My main research interests are: Canola and Wheat Pathology. Currently my research focuses on:
Epidemiology of plant pathogens especially on R-genes and Avr/avr gene interactions
Evolution/genetic variation of fungal pathogens
Biological control of plant diseases and their mechanisms
PGPR Research and effect on the rhizosphere microbiome
Pre-Breeding for disease resistance for Blackleg, and Fusarium Head blight Diseases
Microbial ecology and microbial interactions including microbiome research
Includes Transcriptomics and Genomics Research New: Proteomics research
Major Pathogens of Interest:
Blackleg in Canola
Verticillium in Canola
Sclrerotinia in Canola
Fusarium head blight in Wheat
Fusarium head blight in Barley
MAJOR RESEARCH: BOTH BASIC & APPLIED NATURAL SCIENCES RESEARCH
Host-pathogen interactions: understanding pathogen genetics (Avr, effectors) and host recognition (R-genes and receptors). Understanding the virulence factors, emergence of virulence from avirulence, pathogen reproduction, their mating types and competiveness in the environment. My lab with collaborators from AAFC (Gary Peng) were able to successfully introduce a new labelling model to canola cultivars through our extensive studies on R-genes in canola cultivars and pathogen-Avr profiling in prairie farmers’ fields. The new labelling model adopted by WCCRRC and the Life Sciences companies has led to the proposed R-gene rotation to be implemented within grower fields. In addition, in collaboration with AAFC (Hossein Borhan) my lab developed KASP-markers for the rapid detection of the pathogen Avr/avr profile. These markers are now used by industry to support the identification of the pathogen alleles in farmers’ fields. Collectively, this is a new tool in disease management, and most of the work was carried out in my lab in collaboration with AAFC/SK (Drs. Gary Peng and Hossein Borhan).

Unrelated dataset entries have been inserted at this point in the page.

lemma gauss_vec_eq_density_log_ratio:
  fixes x :: "real ^ 'd"
  assumes "0 < u" "0 < v"
  shows "gauss_vec x v = density (gauss_vec x u) (\<lambda>y. exp (gauss_vec_log_ratio x u v y))"
proof -
  define c where "c = 1 / (2 * u\<^sup>2) - 1 / (2 * v\<^sup>2)"
  have "gauss_vec_density x u y * exp (gauss_vec_log_ratio x u v y) = gauss_vec_density x v y" for y
  proof -
    have "exp (gauss_vec_log_ratio x u v y)
            = (\<Prod>j\<in>(UNIV :: 'd set). u / v) * (\<Prod>j\<in>UNIV. exp (c * (y $ j - x $ j)\<^sup>2))"
      using assms
      by (simp add: gauss_vec_log_ratio_def c_def exp_add exp_of_nat_mult exp_sum sum_distrib_left)
    then have "gauss_vec_density x u y * exp (gauss_vec_log_ratio x u v y)
                 = (\<Prod>j\<in>UNIV. normal_density (x $ j) u (y $ j) * (u / v * exp (c * (y $ j - x $ j)\<^sup>2)))"
      by (simp only: gauss_vec_density_def prod.distrib)
    also have "\<dots> = gauss_vec_density x v y"
      unfolding gauss_vec_density_def c_def by (simp only: normal_density_rescale[OF assms])
    finally show ?thesis .
  qed
  then show ?thesis
    unfolding gauss_vec_eq_density
    by (subst density_density_eq) (auto simp: gauss_vec_density_def prod_nonneg ennreal_mult'[symmetric])
qed

lemma D_KL_gauss_vec:
  fixes x :: "real ^ 'd"
  assumes "0 < u" "0 < v"
  shows "D_KL (gauss_vec x v) (gauss_vec x u) = real CARD('d) / 2 * ((v / u)\<^sup>2 - 2 * ln (v / u) - 1)"
proof -
  interpret GH: prob_space "gauss_vec x u" using assms(1) by (rule prob_space_gauss_vec)
  interpret GL: prob_space "gauss_vec x v" using assms(2) by (rule prob_space_gauss_vec)
  define L where "L = gauss_vec_log_ratio x u v"
  define c where "c = 1 / (2 * u\<^sup>2) - 1 / (2 * v\<^sup>2)"
  have "D_KL (gauss_vec x v) (gauss_vec x u) = (\<integral>y. exp (L y) * L y \<partial>gauss_vec x u)"
    unfolding D_KL_def gauss_vec_eq_density_log_ratio[OF assms]
    by (subst GH.KL_density) (auto simp: L_def log_def)
  also have "\<dots> = (\<integral>y. L y \<partial>gauss_vec x v)"
    unfolding gauss_vec_eq_density_log_ratio[OF assms]
    by (subst integral_density) (auto simp: L_def)
  also have "\<dots> = real CARD('d) * ln (u / v) + c * (real CARD('d) * v\<^sup>2)"
    using assms(2)
    by (simp add: L_def gauss_vec_log_ratio_def c_def GL.prob_space
                  integrable_gauss_vec_component_sq integral_gauss_vec_component_sq)
  also have "\<dots> = real CARD('d) / 2 * ((v / u)\<^sup>2 - 2 * ln (v / u) - 1)"
    using assms by (simp add: c_def ln_div field_simps power2_eq_square)
  finally show ?thesis .
qed

lemma D_KL_rme_law:
  fixes x :: "real ^ 'd"
  assumes "0 < u" "0 < v"
  shows "D_KL (rme_law \<alpha> x v) (rme_law \<alpha> x u) = D_KL (gauss_vec x v) (gauss_vec x u)"
proof -
  let ?L = "gauss_vec_log_ratio x u v"
  have "AE y in gauss_vec x u. exp (?L (rme_inv \<alpha> (rme \<alpha> y))) = exp (?L y)"
    unfolding gauss_vec_eq_density using AE_lborel_rme_inv_rme[of \<alpha>]
    by (subst AE_density) (auto simp: gauss_vec_density_def)
  then show ?thesis
    unfolding D_KL_def rme_law_def gauss_vec_eq_density_log_ratio[OF assms]
    using assms
    by (intro KL_divergence_distr_density[where g="\<lambda>z. exp (?L (rme_inv \<alpha> z))"])
       (auto intro: prob_space_gauss_vec)
qed

lemma power2_minus_two_ln_le_inverse:
  fixes r :: real
  assumes "0 < r" "r \<le> 1"
  shows "r\<^sup>2 - 2 * ln r \<le> (1 / r)\<^sup>2 - 2 * ln (1 / r)"
proof -
  have "exp (- 2 * ln r) = (1 / r)\<^sup>2"
    using assms by (simp add: exp_minus exp_of_nat_mult[of 2, simplified] power_one_over inverse_eq_divide)
  moreover have "- 2 * ln r \<le> (exp (- 2 * ln r) - inverse (exp (- 2 * ln r))) / 2"
    using assms by (intro real_le_x_sinh) simp
  ultimately have "- 2 * ln r \<le> ((1 / r)\<^sup>2 - r\<^sup>2) / 2"
    by (simp add: power_one_over)
  moreover have "ln (1 / r) = - ln r"
    using assms by (simp add: ln_div)
  ultimately show ?thesis
    by argo
qed

theorem mainTheorem2:
  fixes x :: "real ^ 'd" and \<alpha> \<sigma>\<^sub>m\<^sub>i\<^sub>n \<sigma>\<^sub>m\<^sub>a\<^sub>x :: real
  assumes "0 < \<sigma>\<^sub>m\<^sub>i\<^sub>n" and "\<sigma>\<^sub>m\<^sub>i\<^sub>n < \<sigma>\<^sub>m\<^sub>a\<^sub>x"
  shows "D_KL (rme_law \<alpha> x \<sigma>\<^sub>m\<^sub>a\<^sub>x) (rme_law \<alpha> x \<sigma>\<^sub>m\<^sub>i\<^sub>n)
           \<ge> real CARD('d) / 2 *
              ((\<sigma>\<^sub>m\<^sub>i\<^sub>n / \<sigma>\<^sub>m\<^sub>a\<^sub>x)\<^sup>2 - 2 * ln (\<sigma>\<^sub>m\<^sub>i\<^sub>n / \<sigma>\<^sub>m\<^sub>a\<^sub>x) - 1)"
proof -
  let ?r = "\<sigma>\<^sub>m\<^sub>i\<^sub>n / \<sigma>\<^sub>m\<^sub>a\<^sub>x"
  have pos: "0 < \<sigma>\<^sub>m\<^sub>i\<^sub>n" "0 < \<sigma>\<^sub>m\<^sub>a\<^sub>x"
    using assms by simp_all
  have "?r\<^sup>2 - 2 * ln ?r \<le> (1 / ?r)\<^sup>2 - 2 * ln (1 / ?r)"
    using assms by (intro power2_minus_two_ln_le_inverse) simp_all
  then have "real CARD('d) / 2 * (?r\<^sup>2 - 2 * ln ?r - 1)
               \<le> real CARD('d) / 2 * ((\<sigma>\<^sub>m\<^sub>a\<^sub>x / \<sigma>\<^sub>m\<^sub>i\<^sub>n)\<^sup>2 - 2 * ln (\<sigma>\<^sub>m\<^sub>a\<^sub>x / \<sigma>\<^sub>m\<^sub>i\<^sub>n) - 1)"
    by (intro mult_left_mono) simp_all
  also have "\<dots> = D_KL (rme_law \<alpha> x \<sigma>\<^sub>m\<^sub>a\<^sub>x) (rme_law \<alpha> x \<sigma>\<^sub>m\<^sub>i\<^sub>n)"
    using pos by (simp add: D_KL_rme_law D_KL_gauss_vec)
  finally show ?thesis .
qed

end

Population Dynamics and Cropping Systems Pathology. Long term studies on influence of rotations/tillage practices and in spatial and temporal spread of spores. Population dynamics of stubble-borne pathogens, their Avr/avr gene changes and chemotypic changes. Host R-genes and their durability under pathogen pressure (gene-for-gene interactions). Development of markers for rapid identification of Avr profiles through gene cloning. The seminal publications on spore movement of fusarium head blight pathogen in wheat led other groups to follow monitoring spore movement in air (Cornell University, Virginia Tech and AAFC researchers). Many useful novel findings in the area of epidemiology, population genetics, populations structure, genotypic diversity and genetic variability has been published from this work.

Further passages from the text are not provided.